# need advice, trying a different camera installation



## rnichols (Apr 19, 2011)

I've always ran that siamese cable and used http://1800securitycamera.com/cctv-power-supply/dc-power-lead-male-connector-for-cctv-camera-power or something similar on the camera end, depending on what I needed. Or I used dolphins for the splicing. 

As far as the different size of wire , you figure the voltage drop depending on the voltage system you use.. AC or DC..


----------



## MDShunk (Jan 7, 2007)

I never have used stock cables. I always used Siamese cable and beanie'd on the pigtail for power. I thought everyone did that. I guess that's you plan, so I see it working out, since it always has for me.


----------



## zwodubber (Feb 24, 2011)

MDShunk said:


> I never have used stock cables. I always used Siamese cable and beanie'd on the pigtail for power. I thought everyone did that. I guess that's you plan, so I see it working out, since it always has for me.

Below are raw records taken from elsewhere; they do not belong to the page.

(* Let $A_1,A_2,A_3\in\mathbb{R}^n_s$ be three distinct points lying on a gyrocircle in the Einstein gyrovector space $\mathbb{R}^n_s$, such that the gyrosecant gyroline through $A_2,A_3$ and the gyrotangent gyroline of the gyrocircle with tangency point $A_1$ share a point $P$ not on the gyrocircle. Let $d_k=\|\ominus A_k\oplus P\|$ for $k=1,2,3$ and $d_{23}=\|\ominus A_2\oplus A_3\|$ (when $A_2$ lies between $P$ and $A_3$, one has $d_{23}=d_3\ominus d_2$, where for reals $a\ominus b=(a-b)/(1-ab/s^2)$). Then $$\gamma_{d_1}^2d_1^2=\frac{2}{\gamma_{d_{23}}+1}\,\gamma_{d_2}d_2\,\gamma_{d_3}d_3 .$$
   Context: Fix $s>0$, $n\ge2$; $\mathbb{R}^n_s=\{v\in\mathbb{R}^n:\|v\|<s\}$ with Einstein addition $u\oplus v=\frac{1}{1+u\cdot v/s^2}\{u+\frac{1}{\gamma_u}v+\frac{1}{s^2}\frac{\gamma_u}{1+\gamma_u}(u\cdot v)u\}$, $\gamma_v=(1-\|v\|^2/s^2)^{-1/2}$ and for real $0\le a<s$, $\gamma_a=(1-a^2/s^2)^{-1/2}$; $\ominus v=-v$. Gyrodistance between $A,B$: $\|\ominus A\oplus B\|$. Gyrolines are intersections of Euclidean lines with the ball. A gyroplane is $(A_1\oplus\mathrm{span}\{\ominus A_1\oplus A_2,\ominus A_1\oplus A_3\})\cap\mathbb{R}^n_s$ for $\ominus A_1\oplus A_2,\ominus A_1\oplus A_3$ linearly independent; a gyrocircle with gyrocenter $O$ and gyroradius $r>0$ is the set of points of a gyroplane containing $O$ at gyrodistance $r$ from $O$. A gyrosecant gyroline meets the gyrocircle in two different points; a gyrotangent gyroline is a gyroline in the gyroplane of the gyrocircle meeting it in exactly one point (the tangency point). *)

theory Defs
  imports "HOL-Analysis.Analysis"
begin

definition ball_s :: "real \<Rightarrow> (real^'n) set" where
  "ball_s s = {v. norm v < s}"

definition gam :: "real \<Rightarrow> real^'n \<Rightarrow> real" where
  "gam s v = 1 / sqrt (1 - (norm v)^2 / s^2)"

definition gamr :: "real \<Rightarrow> real \<Rightarrow> real" where
  "gamr s a = 1 / sqrt (1 - a^2 / s^2)"

definition ein_add :: "real \<Rightarrow> real^'n \<Rightarrow> real^'n \<Rightarrow> real^'n" where
  "ein_add s u v = (1 / (1 + (u \<bullet> v) / s^2)) *\<^sub>R
     (u + (1 / gam s u) *\<^sub>R v + ((1 / s^2) * (gam s u / (1 + gam s u)) * (u \<bullet> v)) *\<^sub>R u)"

definition gyrodist :: "real \<Rightarrow> real^'n \<Rightarrow> real^'n \<Rightarrow> real" where
  "gyrodist s A B = norm (ein_add s (- A) B)"

definition is_gyroline :: "real \<Rightarrow> (real^'n) set \<Rightarrow> bool" where
  "is_gyroline s L \<longleftrightarrow> (\<exists>a d. d \<noteq> 0 \<and> L = {a + t *\<^sub>R d | t. True} \<inter> ball_s s \<and> L \<noteq> {})"

definition gyroline_through :: "real \<Rightarrow> real^'n \<Rightarrow> real^'n \<Rightarrow> (real^'n) set" where
  "gyroline_through s A B = {A + t *\<^sub>R (B - A) | t. True} \<inter> ball_s s"

definition gyroplane :: "real \<Rightarrow> real^'n \<Rightarrow> real^'n \<Rightarrow> real^'n \<Rightarrow> (real^'n) set" where
  "gyroplane s A1 A2 A3 =
     {ein_add s A1 x | x. x \<in> span {ein_add s (- A1) A2, ein_add s (- A1) A3}} \<inter> ball_s s"

definition is_gyroplane :: "real \<Rightarrow> (real^'n) set \<Rightarrow> bool" where
  "is_gyroplane s Pl \<longleftrightarrow> (\<exists>A1 A2 A3. A1 \<in> ball_s s \<and> A2 \<in> ball_s s \<and> A3 \<in> ball_s s \<and>
      ein_add s (- A1) A2 \<noteq> ein_add s (- A1) A3 \<and>
      independent {ein_add s (- A1) A2, ein_add s (- A1) A3} \<and> Pl = gyroplane s A1 A2 A3)"

definition gyrocircle :: "real \<Rightarrow> (real^'n) set \<Rightarrow> real^'n \<Rightarrow> real \<Rightarrow> (real^'n) set" where
  "gyrocircle s Pl Oc r = {X \<in> Pl. gyrodist s Oc X = r}"

end

theory Submission
  imports Defs
begin

text \<open>The Einstein ball is the Beltrami--Klein model: lifting \<open>X \<mapsto> \<gamma>\<^sub>X (1, X)\<close> onto the
  hyperboloid, the gamma factor of a gyrodistance becomes the Minkowski product \<open>\<langle>X, Y\<rangle>\<close> of the
  lifts, a gyrocircle with gyrocenter \<open>O\<close> becomes a level set \<open>\<langle>O, \<cdot>\<rangle> = \<rho>\<close>, and a point \<open>P\<close>
  of the gyroline \<open>A\<^sub>2A\<^sub>3\<close> lifts to \<open>\<alpha> A\<^sub>2 + \<beta> A\<^sub>3\<close> with \<open>\<alpha>\<^sup>2 + \<beta>\<^sup>2 + 2\<alpha>\<beta>\<langle>A\<^sub>2, A\<^sub>3\<rangle> = 1\<close>.
  Tangency at \<open>A\<^sub>1\<close> means that the quadratic equation for the intersections of the gyroline
  \<open>A\<^sub>1P\<close> with the circle has a double root, which forces \<open>\<langle>O, P\<rangle> = \<rho> \<langle>A\<^sub>1, P\<rangle>\<close>, i.e.
  \<open>\<langle>A\<^sub>1, P\<rangle> = \<alpha> + \<beta>\<close>. The theorem is then an identity in \<open>\<alpha>\<close>, \<open>\<beta>\<close> and
  \<open>\<langle>A\<^sub>2, A\<^sub>3\<rangle> = \<gamma>\<^sub>d\<^sub>2\<^sub>3\<close>.\<close>

definition lorentz_lift :: "real \<Rightarrow> real^'n \<Rightarrow> real \<times> (real^'n)" where
  "lorentz_lift s X = (gam s X, gam s X *\<^sub>R X)"

definition minkowski :: "real \<Rightarrow> real \<times> (real^'n) \<Rightarrow> real \<times> (real^'n) \<Rightarrow> real" where
  "minkowski s x y = fst x * fst y - (snd x \<bullet> snd y) / s^2"

abbreviation lift_product :: "real \<Rightarrow> real^'n \<Rightarrow> real^'n \<Rightarrow> real" where
  "lift_product s X Y \<equiv> minkowski s (lorentz_lift s X) (lorentz_lift s Y)"

lemma minkowski_add_left: "minkowski s (x + y) z = minkowski s x z + minkowski s y z"
  by (simp add: minkowski_def inner_add_left algebra_simps add_divide_distrib)

lemma minkowski_add_right: "minkowski s z (x + y) = minkowski s z x + minkowski s z y"
  by (simp add: minkowski_def inner_add_right algebra_simps add_divide_distrib)

lemma minkowski_scaleR_left: "minkowski s (c *\<^sub>R x) z = c * minkowski s x z"
  by (simp add: minkowski_def algebra_simps)

lemma minkowski_scaleR_right: "minkowski s z (c *\<^sub>R x) = c * minkowski s z x"
  by (simp add: minkowski_def algebra_simps)

lemma minkowski_commute: "minkowski s x y = minkowski s y x"
  by (simp add: minkowski_def inner_commute mult.commute)

lemma gam_uminus: "gam s (- X) = gam s X"
  by (simp add: gam_def)

lemma
  assumes "s > 0" "norm X < s"
  shows gam_pos: "gam s X > 0"
    and gam_sq_mult: "(gam s X)^2 * (1 - (norm X)^2 / s^2) = 1"
proof -
  have ns: "(norm X)^2 < s^2"
    using assms by (simp add: power_strict_mono)
  then have pos: "1 - (norm X)^2 / s^2 > 0"
    using assms by (simp add: field_simps)
  then show "gam s X > 0"
    by (simp add: gam_def)
  have "(sqrt (1 - (norm X)^2 / s^2))^2 = 1 - (norm X)^2 / s^2"
    using pos by simp
  then show "(gam s X)^2 * (1 - (norm X)^2 / s^2) = 1"
    using pos ns by (simp add: gam_def power_divide)
qed

lemma lift_product_eq: "lift_product s X Y = gam s X * gam s Y * (1 - (X \<bullet> Y) / s^2)"
  by (simp add: minkowski_def lorentz_lift_def algebra_simps)

lemma lift_product_self:
  assumes "s > 0" "norm X < s"
  shows "lift_product s X X = 1"
  using gam_sq_mult[OF assms]
  by (simp add: lift_product_eq power2_norm_eq_inner[symmetric] power2_eq_square)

Thanks for your help. I got a decent deal on 2 1000' spools of 16/2 + 2PR24 siamese. Using passive baluns for video and I actually ordered the same power adapters before I read your post 

Cameras are Speco HTINTT5 and VF2.8-12DC lenses.

I ran half the wire today and hope to have the cameras thursday. Any experience with the Speco intensifiers?


----------